→ Your assignment: The entries are to be given again in full. Every word must match.

→ Data shown:

Segment Open

lemma nform_eval_times:
  assumes "P \<in> normal_forms"
  shows "nform_eval G a b (nf_times P Q) = nform_eval G a b P \<otimes> nform_eval G a b Q"
proof -
  have ne: "snd P \<noteq> []" using assms by (auto simp: normal_forms_def)
  show ?thesis
  proof (cases "fst Q")
    case True
    have "nform_eval G a b (nf_times P Q) =
          nform_eval G a b (\<not> fst P, snd P) \<otimes> word_eval G a b (snd Q)"
      using True ne nform_eval_times_word[of "(\<not> fst P, snd P)"] by (simp add: nf_times_def)
    also have "\<dots> = nform_eval G a b P \<otimes> (w \<otimes> word_eval G a b (snd Q))"
      by (simp add: nform_eval_flip m_assoc)
    finally show ?thesis using True by (simp add: nform_eval_eq)
  next
    case False
    then show ?thesis using ne nform_eval_times_word[of P] by (simp add: nf_times_def nform_eval_eq)
  qed
qed

lemma nform_eval_Cons_Cons:
  "nform_eval G a b (s, n # m # ns) = a [^] n \<otimes> z \<otimes> nform_eval G a b (s, m # ns)"
proof (cases s)
  case True
  have "w \<otimes> (a [^] n \<otimes> z \<otimes> word_eval G a b (m # ns)) =
        a [^] n \<otimes> z \<otimes> (w \<otimes> word_eval G a b (m # ns))"
    by (simp add: m_assoc[symmetric] w_comm_a_pow) (simp add: m_assoc w_comm_z)
  then show ?thesis using True by (simp add: nform_eval_eq)
qed (simp add: nform_eval_eq)

lemma nform_eval_in_generate: "nform_eval G a b P \<in> generate G {a, b}"
proof -
  have sub: "subgroup (generate G {a, b}) G" by (rule generate_is_subgroup) simp
  have gens: "a \<in> generate G {a, b}" "b \<in> generate G {a, b}" by (auto intro: generate.incl)
  then have "z \<in> generate G {a, b}" unfolding z_def using sub by (simp add: subgroup.m_closed)
  moreover have "word_eval G a b ns \<in> generate G {a, b}" for ns
    using \<open>z \<in> generate G {a, b}\<close> subgroup_int_pow_closed[OF sub gens(1)]
    by (induction ns rule: reduced.induct) (auto simp: sub subgroup.m_closed subgroup.one_closed)
  ultimately show ?thesis
    using sub by (simp add: nform_eval_eq w_def subgroup.m_closed subgroup.one_closed)
qed

end

section \<open>Ping-pong in \<open>SL(2, \<int>)\<close>\<close>

definition mat_x :: mat2 where "mat_x = (1, 2, 0, 1)"
definition mat_y :: mat2 where "mat_y = (1, 0, -1, 1)"
(* Let $\theta\in C^\infty(\mathbb{R})$ be defined by $\theta(x)=0$ for $x\le 0$ and $\theta(x)=e^{-1/x}$ for $x>0$. Let $D\subseteq \mathbb{C}^n$ be open, let $v$ be a pluriharmonic function on $D$, and let $d$ be a strictly plurisubharmonic function of class $C^2$ on $D$. Then for every open set $E$ with compact closure $\overline{E}\subset D$ there exists $\epsilon_0>0$ such that the function $e^{v}\theta(d)$ is plurisubharmonic on $E\cap \{d< \epsilon_0\}$. *)

theory Defs
  imports "HOL-Analysis.Analysis"
begin

definition theta :: "real \<Rightarrow> real" where
  "theta x = (if x \<le> 0 then 0 else exp (- 1 / x))"

definition usc_on :: "'a::topological_space set \<Rightarrow> ('a \<Rightarrow> real) \<Rightarrow> bool" where
  "usc_on S u \<longleftrightarrow> (\<forall>x\<in>S. \<forall>c. u x < c \<longrightarrow> (\<forall>\<^sub>F y in at x within S. u y < c))"

text \<open>Plurisubharmonic (real-valued) function on a set of C^n: upper semicontinuous
  and satisfying the sub-mean value inequality on every closed complex disc
  {a + zeta b : |zeta| <= 1} contained in the set.  (For a real-valued function the
  mean value is finite exactly when the circle average is integrable.)\<close>
definition psh :: "(complex ^ 'n) set \<Rightarrow> (complex ^ 'n \<Rightarrow> real) \<Rightarrow> bool" where
  "psh D u \<longleftrightarrow> usc_on D u \<and>
     (\<forall>a b. (\<forall>\<zeta>::complex. norm \<zeta> \<le> 1 \<longrightarrow> a + \<zeta> *s b \<in> D) \<longrightarrow>
        (\<lambda>t. u (a + cis t *s b)) integrable_on {0..2*pi} \<and>
        u a \<le> integral {0..2*pi} (\<lambda>t. u (a + cis t *s b)) / (2*pi))"
(* Let $D>1$ be a square-free integer with $-D\equiv 2$ or $3\pmod 4$, and suppose $C(-4D)\cong(\mathbb{Z}/2\mathbb{Z})^n$ for some $n\ge 0$. Let $c=p_1^{n_1}\cdots p_k^{n_k}$ with distinct primes $p_i$ and $n_i\ge1$. Then there is a normalized solution to $x^2+Dy^2=z^2$ of the form $(a,b,c)$ if and only if all $p_i\in S$. Further, if all $p_i\in S$, there are exactly $2^{k-1}$ normalized solutions of the form $(a,b,c)$.
   Context: $S:=\{\text{odd primes } q : \left(\frac{-D}{q}\right)=1\}$, with $\left(\frac{\cdot}{q}\right)$ the Legendre symbol. A normalized solution of $x^2+Dy^2=z^2$ is a triple $(a,b,c)$ of natural numbers with $a^2+Db^2=c^2$ and $\gcd(a,b,c)=1$. $C(-4D)$ is the form class group of discriminant $-4D$ (classes of primitive positive-definite binary quadratic forms of discriminant $-4D$ under $\mathrm{SL}_2(\mathbb{Z})$-equivalence, with Dirichlet composition). *)

theory Defs
  imports "HOL-Number_Theory.Number_Theory" "HOL-Computational_Algebra.Squarefree" "HOL-Algebra.Product_Groups" "HOL-Algebra.Elementary_Groups"
begin

type_synonym qform = "int \<times> int \<times> int"

definition qf_eval :: "qform \<Rightarrow> int \<Rightarrow> int \<Rightarrow> int" where
  "qf_eval f x y = (case f of (a, b, c) \<Rightarrow> a * x^2 + b * x * y + c * y^2)"

definition qf_disc :: "qform \<Rightarrow> int" where
  "qf_disc f = (case f of (a, b, c) \<Rightarrow> b^2 - 4 * a * c)"

definition ppd_forms :: "int \<Rightarrow> qform set" where
  "ppd_forms dd = {f. qf_disc f = dd \<and> dd < 0 \<and> fst f > 0 \<and>
     gcd (fst f) (gcd (fst (snd f)) (snd (snd f))) = 1}"

definition sl2_equiv :: "qform \<Rightarrow> qform \<Rightarrow> bool" where
  "sl2_equiv f g \<longleftrightarrow> (\<exists>p q r s :: int. p * s - q * r = 1 \<and>
      (\<forall>x y. qf_eval g x y = qf_eval f (p * x + q * y) (r * x + s * y)))"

Segment Closed

→ Result for this task:
lemma nform_eval_times:
  assumes "P \<in> normal_forms"
  shows "nform_eval G a b (nf_times P Q) = nform_eval G a b P \<otimes> nform_eval G a b Q"
proof -
  have ne: "snd P \<noteq> []" using assms by (auto simp: normal_forms_def)
  show ?thesis
  proof (cases "fst Q")
    case True
    have "nform_eval G a b (nf_times P Q) =
          nform_eval G a b (\<not> fst P, snd P) \<otimes> word_eval G a b (snd Q)"
      using True ne nform_eval_times_word[of "(\<not> fst P, snd P)"] by (simp add: nf_times_def)
    also have "\<dots> = nform_eval G a b P \<otimes> (w \<otimes> word_eval G a b (snd Q))"
      by (simp add: nform_eval_flip m_assoc)
    finally show ?thesis using True by (simp add: nform_eval_eq)
  next
    case False
    then show ?thesis using ne nform_eval_times_word[of P] by (simp add: nf_times_def nform_eval_eq)
  qed
qed

lemma nform_eval_Cons_Cons:
  "nform_eval G a b (s, n # m # ns) = a [^] n \<otimes> z \<otimes> nform_eval G a b (s, m # ns)"
proof (cases s)
  case True
  have "w \<otimes> (a [^] n \<otimes> z \<otimes> word_eval G a b (m # ns)) =
        a [^] n \<otimes> z \<otimes> (w \<otimes> word_eval G a b (m # ns))"
    by (simp add: m_assoc[symmetric] w_comm_a_pow) (simp add: m_assoc w_comm_z)
  then show ?thesis using True by (simp add: nform_eval_eq)
qed (simp add: nform_eval_eq)

lemma nform_eval_in_generate: "nform_eval G a b P \<in> generate G {a, b}"
proof -
  have sub: "subgroup (generate G {a, b}) G" by (rule generate_is_subgroup) simp
  have gens: "a \<in> generate G {a, b}" "b \<in> generate G {a, b}" by (auto intro: generate.incl)
  then have "z \<in> generate G {a, b}" unfolding z_def using sub by (simp add: subgroup.m_closed)
  moreover have "word_eval G a b ns \<in> generate G {a, b}" for ns
    using \<open>z \<in> generate G {a, b}\<close> subgroup_int_pow_closed[OF sub gens(1)]
    by (induction ns rule: reduced.induct) (auto simp: sub subgroup.m_closed subgroup.one_closed)
  ultimately show ?thesis
    using sub by (simp add: nform_eval_eq w_def subgroup.m_closed subgroup.one_closed)
qed

end

section \<open>Ping-pong in \<open>SL(2, \<int>)\<close>\<close>

definition mat_x :: mat2 where "mat_x = (1, 2, 0, 1)"
definition mat_y :: mat2 where "mat_y = (1, 0, -1, 1)"
(* Let $\theta\in C^\infty(\mathbb{R})$ be defined by $\theta(x)=0$ for $x\le 0$ and $\theta(x)=e^{-1/x}$ for $x>0$. Let $D\subseteq \mathbb{C}^n$ be open, let $v$ be a pluriharmonic function on $D$, and let $d$ be a strictly plurisubharmonic function of class $C^2$ on $D$. Then for every open set $E$ with compact closure $\overline{E}\subset D$ there exists $\epsilon_0>0$ such that the function $e^{v}\theta(d)$ is plurisubharmonic on $E\cap \{d< \epsilon_0\}$. *)

theory Defs
  imports "HOL-Analysis.Analysis"
begin

definition theta :: "real \<Rightarrow> real" where
  "theta x = (if x \<le> 0 then 0 else exp (- 1 / x))"

definition usc_on :: "'a::topological_space set \<Rightarrow> ('a \<Rightarrow> real) \<Rightarrow> bool" where
  "usc_on S u \<longleftrightarrow> (\<forall>x\<in>S. \<forall>c. u x < c \<longrightarrow> (\<forall>\<^sub>F y in at x within S. u y < c))"

text \<open>Plurisubharmonic (real-valued) function on a set of C^n: upper semicontinuous
  and satisfying the sub-mean value inequality on every closed complex disc
  {a + zeta b : |zeta| <= 1} contained in the set.  (For a real-valued function the
  mean value is finite exactly when the circle average is integrable.)\<close>
definition psh :: "(complex ^ 'n) set \<Rightarrow> (complex ^ 'n \<Rightarrow> real) \<Rightarrow> bool" where
  "psh D u \<longleftrightarrow> usc_on D u \<and>
     (\<forall>a b. (\<forall>\<zeta>::complex. norm \<zeta> \<le> 1 \<longrightarrow> a + \<zeta> *s b \<in> D) \<longrightarrow>
        (\<lambda>t. u (a + cis t *s b)) integrable_on {0..2*pi} \<and>
        u a \<le> integral {0..2*pi} (\<lambda>t. u (a + cis t *s b)) / (2*pi))"
(* Let $D>1$ be a square-free integer with $-D\equiv 2$ or $3\pmod 4$, and suppose $C(-4D)\cong(\mathbb{Z}/2\mathbb{Z})^n$ for some $n\ge 0$. Let $c=p_1^{n_1}\cdots p_k^{n_k}$ with distinct primes $p_i$ and $n_i\ge1$. Then there is a normalized solution to $x^2+Dy^2=z^2$ of the form $(a,b,c)$ if and only if all $p_i\in S$. Further, if all $p_i\in S$, there are exactly $2^{k-1}$ normalized solutions of the form $(a,b,c)$.
   Context: $S:=\{\text{odd primes } q : \left(\frac{-D}{q}\right)=1\}$, with $\left(\frac{\cdot}{q}\right)$ the Legendre symbol. A normalized solution of $x^2+Dy^2=z^2$ is a triple $(a,b,c)$ of natural numbers with $a^2+Db^2=c^2$ and $\gcd(a,b,c)=1$. $C(-4D)$ is the form class group of discriminant $-4D$ (classes of primitive positive-definite binary quadratic forms of discriminant $-4D$ under $\mathrm{SL}_2(\mathbb{Z})$-equivalence, with Dirichlet composition). *)

theory Defs
  imports "HOL-Number_Theory.Number_Theory" "HOL-Computational_Algebra.Squarefree" "HOL-Algebra.Product_Groups" "HOL-Algebra.Elementary_Groups"
begin

type_synonym qform = "int \<times> int \<times> int"

definition qf_eval :: "qform \<Rightarrow> int \<Rightarrow> int \<Rightarrow> int" where
  "qf_eval f x y = (case f of (a, b, c) \<Rightarrow> a * x^2 + b * x * y + c * y^2)"

definition qf_disc :: "qform \<Rightarrow> int" where
  "qf_disc f = (case f of (a, b, c) \<Rightarrow> b^2 - 4 * a * c)"

definition ppd_forms :: "int \<Rightarrow> qform set" where
  "ppd_forms dd = {f. qf_disc f = dd \<and> dd < 0 \<and> fst f > 0 \<and>
     gcd (fst f) (gcd (fst (snd f)) (snd (snd f))) = 1}"

definition sl2_equiv :: "qform \<Rightarrow> qform \<Rightarrow> bool" where
  "sl2_equiv f g \<longleftrightarrow> (\<exists>p q r s :: int. p * s - q * r = 1 \<and>
      (\<forall>x y. qf_eval g x y = qf_eval f (p * x + q * y) (r * x + s * y)))"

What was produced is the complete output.